Prohibitions in Machines Ethics

The Nammour Symposium, Sacremento State University, April 2019

Thomas A. Blackson
School of Historical, Philosophical, and Religious Studies
Arizona State University


The Problem of Machine Ethics

If we think of machine ethics as a design problem, the problem is how to give "ethics" to machines. This way of thinking about machine ethics requires us to know what the "ethics" is that we want to give to machines. Otherwise, we will not know what counts as a solution to the problem.

One way to think about what this "ethics" is is to think about the terms in English we use to appraise behavior. The three primary terms are 'right,' 'wrong,' and 'obligatory.'

These three terms as interdefinable in a certain way. That is to say, we can use any one of them to define the other two. So, for example, if we take ‘right’ as primitive, we can define 'wrong' as what is not right and define 'obligatory' as what is not right not to do.

Put a little more formally, the two definitions are

• an act is wrong iff it is not right.
• an act is obligatory iff it is not right not to do.

Since 'prohibited' just means "wrong," a machine that never acts in prohibited ways is a machine whose actions are always right. This, I take it, is what we want.

We Know how to Solve the Problem

Given this way of setting out the problem, a solution is apparent. We solve the problem of machine ethics if we figure out how to build machines whose actions are always right.

In one way, this is an easy problem to solve. All we have to do is build machines so that they never take any actions. A machine that never acts is a machine whose acts are never wrong.

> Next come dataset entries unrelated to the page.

(* In the following algorithm, each vertex $v$ is moved in the step "move vertices into place on the circle according to $O$" at most $\deg(v)-1$ times, where $\deg(v)$ is its final degree. Algorithm: maintain a straight-line drawing of an outerplanar graph $G$, revealed edge by edge in the ordered streaming model, with all vertices on a circle in the order in which they appear on the outer face; when a new edge $e=(p,q)$ arrives, if $q$ is a new vertex place it on the circle according to the ordering that includes $e$; otherwise add a virtual arc $e'$ between $p$ and $q$ according to the specification of $e$, crossing no existing edge, compute the order $O$ of vertices on the outer face taking $e'$ into account, and move the vertices into place on the circle according to $O$; then draw $e$.
   Context: Ordered streaming model: the graph is revealed one edge at a time, connected and outerplanar at all times, edges never disappearing, with each edge accompanied by its position in the clockwise order of edges around its endpoints. A graph is outerplanar if it has a planar drawing with all vertices on the outer face. *)

theory Defs
  imports Main
begin

definition idx :: "'a list \<Rightarrow> 'a \<Rightarrow> nat" where
  "idx xs x = length (takeWhile (\<lambda>y. y \<noteq> x) xs)"

definition ins :: "nat \<Rightarrow> 'a \<Rightarrow> 'a list \<Rightarrow> 'a list" where
  "ins k x xs = take k xs @ x # drop k xs"

definition cyc_eq :: "'a list \<Rightarrow> 'a list \<Rightarrow> bool" where
  "cyc_eq xs ys \<longleftrightarrow> (\<exists>n. rotate n xs = ys)"

(* ===== Embedded graphs =====
   A rotation system rot :: 'v \<Rightarrow> 'v list gives, for every vertex, the clockwise
   cyclic order of its neighbours (the list is read cyclically).
   A circle arrangement C :: 'v list lists the vertices in clockwise order
   around the circle (read cyclically). *)

definition cpos :: "'v list \<Rightarrow> 'v \<Rightarrow> 'v \<Rightarrow> nat" where
  "cpos C v w = (idx C w + length C - idx C v) mod length C"

(* chords ab and cd (four distinct endpoints) cross in the circle drawing *)
definition crossing :: "'v list \<Rightarrow> 'v \<Rightarrow> 'v \<Rightarrow> 'v \<Rightarrow> 'v \<Rightarrow> bool" where
  "crossing C a b c d \<longleftrightarrow> ((cpos C a c < cpos C a b) \<noteq> (cpos C a d < cpos C a b))"

(* C is a straight-line drawing of the embedded graph rot with all vertices on
   a circle: planar (no two chords cross) and respecting the given clockwise
   rotation at every vertex. *)
definition circ_valid :: "('v \<Rightarrow> 'v list) \<Rightarrow> 'v list \<Rightarrow> bool" where
  "circ_valid rot C \<longleftrightarrow>
     distinct C \<and>
     (\<forall>v. v \<notin> set C \<longrightarrow> rot v = []) \<and>
     (\<forall>v\<in>set C. distinct (rot v) \<and> set (rot v) \<subseteq> set C - {v} \<and>
                 (\<forall>w\<in>set (rot v). v \<in> set (rot w))) \<and>
     (\<forall>a b c d. b \<in> set (rot a) \<and> d \<in> set (rot c) \<and> distinct [a, b, c, d]
                \<longrightarrow> \<not> crossing C a b c d) \<and>
     (\<forall>v\<in>set C. cyc_eq (rot v) (sort_key (cpos C v) (rot v)))"

(* ===== Stream events =====
   An event (p, q, i, j): new edge pq, where p is already present; q is
   inserted at position i of the clockwise order around p and p at position j
   of the clockwise order around q (j = 0 if q is new). *)
type_synonym 'v event = "'v \<times> 'v \<times> nat \<times> nat"

fun upd :: "('v \<Rightarrow> 'v list) \<Rightarrow> 'v event \<Rightarrow> ('v \<Rightarrow> 'v list)" where
  "upd rot (p, q, i, j) = rot(p := ins i q (rot p), q := ins j p (rot q))"

(* the event is admissible, and the graph stays outerplanar (with its given
   embedding), i.e. it has a circle drawing respecting the rotation system *)
fun ext_ok :: "'v set \<Rightarrow> ('v \<Rightarrow> 'v list) \<Rightarrow> 'v event \<Rightarrow> bool" where
  "ext_ok V rot (p, q, i, j) \<longleftrightarrow>
     p \<in> V \<and> q \<noteq> p \<and> q \<notin> set (rot p) \<and>
     i \<le> length (rot p) \<and> j \<le> length (rot q) \<and>
     (\<exists>D. set D = insert q V \<and> circ_valid (upd rot (p, q, i, j)) D)"

fun stream_ok :: "'v set \<Rightarrow> ('v \<Rightarrow> 'v list) \<Rightarrow> 'v event list \<Rightarrow> bool" where
  "stream_ok V rot [] = True"
| "stream_ok V rot ((p, q, i, j) # es) \<longleftrightarrow>
     ext_ok V rot (p, q, i, j) \<and> stream_ok (insert q V) (upd rot (p, q, i, j)) es"

(* ===== Faces =====
   A corner (v, i) is the angular sector at v going clockwise from the
   neighbour rot v ! i to the next neighbour rot v ! ((i+1) mod deg v).
   Face traversal (face kept on the left) maps a corner to the next corner. *)
definition nxt :: "('v \<Rightarrow> 'v list) \<Rightarrow> 'v \<times> nat \<Rightarrow> 'v \<times> nat" where
  "nxt rot c = (let v = fst c; i = snd c; b = rot v ! (Suc i mod length (rot v))
                in (b, idx (rot b) v))"

(* corner (v, i) is the corner of v facing the outside of the circle in
   drawing C: it ends at the first neighbour of v clockwise from v *)
definition is_outc :: "('v \<Rightarrow> 'v list) \<Rightarrow> 'v list \<Rightarrow> 'v \<Rightarrow> nat \<Rightarrow> bool" where
  "is_outc rot C v i \<longleftrightarrow> i < length (rot v) \<and>
     (\<forall>u\<in>set (rot v). cpos C v (rot v ! (Suc i mod length (rot v))) \<le> cpos C v u)"

(* corner of the old embedding into which the new edge is inserted at v
   (the new neighbour is inserted at index k of rot v) *)
definition ins_corner :: "('v \<Rightarrow> 'v list) \<Rightarrow> 'v \<Rightarrow> nat \<Rightarrow> 'v \<times> nat" where
  "ins_corner rot v k = (v, (k + length (rot v) - 1) mod length (rot v))"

It seems plausible that all existing machines are like this, so all we have to do to build machines that they never act is to keep building them in the ways we have been building them.

Machines that can Act need Ethics

It is conceivable that continuing to build machines as we always have built them is the only solution to the problem of machine ethics, but the interest in machine ethics is built on the assumption that we will soon build machines that can act.

If this assumption is true, we need to think about how to understand such machines. Just how to do this is not completely clear, but maybe one way to do this is to think about machines in terms of the logic programming/agent model of a rational agent. This model has lots of problems, but perhaps it does begin to show how it is possible to build a machine that can act.

The Knowledge Base

The logic programming/agent model has several parts. One is traditionally called the "knowledge base" (KB). Rational agents exist in a loop: they determine whether things are to their liking, they try to make them better if they are not, and they do this over and over again through out their existence. To do this, the agent must have a view about how things are. This is where the “knowledge base” comes in. The view about how things are is in the KB.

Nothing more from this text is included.